## Activity
Retyping the records exactly is the whole task.

## The data

(* Let $K_{m_1,m_2}$ be the complete bipartite graph with bipartition $(X,Y)$, $|X|=m_1$, $|Y|=m_2$, where $2\le m_1\le m_2$. If $S\subseteq X$ and $|S|\ge 2$, then $\kappa^*_{K_{m_1,m_2}}(S)=m_2$. If $S\subseteq Y$ and $|S|\ge 2$, then $\kappa^*_{K_{m_1,m_2}}(S)=m_1$.
   Context: For $S\subseteq V(G)$ with $|S|\ge 2$, an $S$-Steiner tree of $G$ is a subtree $T$ of $G$ with $S\subseteq V(T)$ all of whose leaves belong to $S$. A family of $S$-Steiner trees $T_1,\dots,T_k$ is completely independent if for all $1\le p<q\le k$: $E(T_p)\cap E(T_q)=\emptyset$, $V(T_p)\cap V(T_q)=S$, and for any two vertices $x_1,x_2\in S$ the $(x_1,x_2)$-paths in $T_p$ and in $T_q$ are internally disjoint. $\kappa^*_G(S)$ is the maximum number of trees in a completely independent family of $S$-Steiner trees in $G$. *)

theory Defs
  imports Main
begin

type_synonym 'a graph = "'a set \<times> 'a set set"

definition verts :: "'a graph \<Rightarrow> 'a set" where "verts G = fst G"
definition edges :: "'a graph \<Rightarrow> 'a set set" where "edges G = snd G"

definition is_graph :: "'a graph \<Rightarrow> bool" where
  "is_graph G \<longleftrightarrow> (\<forall>e\<in>edges G. \<exists>u v. e = {u, v} \<and> u \<noteq> v \<and> u \<in> verts G \<and> v \<in> verts G)"

definition is_path :: "'a graph \<Rightarrow> 'a list \<Rightarrow> bool" where
  "is_path G xs \<longleftrightarrow> xs \<noteq> [] \<and> distinct xs \<and> set xs \<subseteq> verts G \<and>
     (\<forall>i. Suc i < length xs \<longrightarrow> {xs ! i, xs ! Suc i} \<in> edges G)"

definition is_path_between :: "'a graph \<Rightarrow> 'a \<Rightarrow> 'a \<Rightarrow> 'a list \<Rightarrow> bool" where
  "is_path_between G u v xs \<longleftrightarrow> is_path G xs \<and> hd xs = u \<and> last xs = v"

definition internal_verts :: "'a list \<Rightarrow> 'a set" where
  "internal_verts xs = set (butlast (tl xs))"

definition connected_graph :: "'a graph \<Rightarrow> bool" where
  "connected_graph G \<longleftrightarrow> verts G \<noteq> {} \<and>
     (\<forall>u\<in>verts G. \<forall>v\<in>verts G. \<exists>xs. is_path_between G u v xs)"

definition is_cycle :: "'a graph \<Rightarrow> 'a list \<Rightarrow> bool" where
  "is_cycle G xs \<longleftrightarrow> is_path G xs \<and> length xs \<ge> 3 \<and> {last xs, hd xs} \<in> edges G"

## Written response
(* Let $K_{m_1,m_2}$ be the complete bipartite graph with bipartition $(X,Y)$, $|X|=m_1$, $|Y|=m_2$, where $2\le m_1\le m_2$. If $S\subseteq X$ and $|S|\ge 2$, then $\kappa^*_{K_{m_1,m_2}}(S)=m_2$. If $S\subseteq Y$ and $|S|\ge 2$, then $\kappa^*_{K_{m_1,m_2}}(S)=m_1$.
   Context: For $S\subseteq V(G)$ with $|S|\ge 2$, an $S$-Steiner tree of $G$ is a subtree $T$ of $G$ with $S\subseteq V(T)$ all of whose leaves belong to $S$. A family of $S$-Steiner trees $T_1,\dots,T_k$ is completely independent if for all $1\le p<q\le k$: $E(T_p)\cap E(T_q)=\emptyset$, $V(T_p)\cap V(T_q)=S$, and for any two vertices $x_1,x_2\in S$ the $(x_1,x_2)$-paths in $T_p$ and in $T_q$ are internally disjoint. $\kappa^*_G(S)$ is the maximum number of trees in a completely independent family of $S$-Steiner trees in $G$. *)

theory Defs
  imports Main
begin

type_synonym 'a graph = "'a set \<times> 'a set set"

definition verts :: "'a graph \<Rightarrow> 'a set" where "verts G = fst G"
definition edges :: "'a graph \<Rightarrow> 'a set set" where "edges G = snd G"

definition is_graph :: "'a graph \<Rightarrow> bool" where
  "is_graph G \<longleftrightarrow> (\<forall>e\<in>edges G. \<exists>u v. e = {u, v} \<and> u \<noteq> v \<and> u \<in> verts G \<and> v \<in> verts G)"

definition is_path :: "'a graph \<Rightarrow> 'a list \<Rightarrow> bool" where
  "is_path G xs \<longleftrightarrow> xs \<noteq> [] \<and> distinct xs \<and> set xs \<subseteq> verts G \<and>
     (\<forall>i. Suc i < length xs \<longrightarrow> {xs ! i, xs ! Suc i} \<in> edges G)"

definition is_path_between :: "'a graph \<Rightarrow> 'a \<Rightarrow> 'a \<Rightarrow> 'a list \<Rightarrow> bool" where
  "is_path_between G u v xs \<longleftrightarrow> is_path G xs \<and> hd xs = u \<and> last xs = v"

definition internal_verts :: "'a list \<Rightarrow> 'a set" where
  "internal_verts xs = set (butlast (tl xs))"

definition connected_graph :: "'a graph \<Rightarrow> bool" where
  "connected_graph G \<longleftrightarrow> verts G \<noteq> {} \<and>
     (\<forall>u\<in>verts G. \<forall>v\<in>verts G. \<exists>xs. is_path_between G u v xs)"

definition is_cycle :: "'a graph \<Rightarrow> 'a list \<Rightarrow> bool" where
  "is_cycle G xs \<longleftrightarrow> is_path G xs \<and> length xs \<ge> 3 \<and> {last xs, hd xs} \<in> edges G"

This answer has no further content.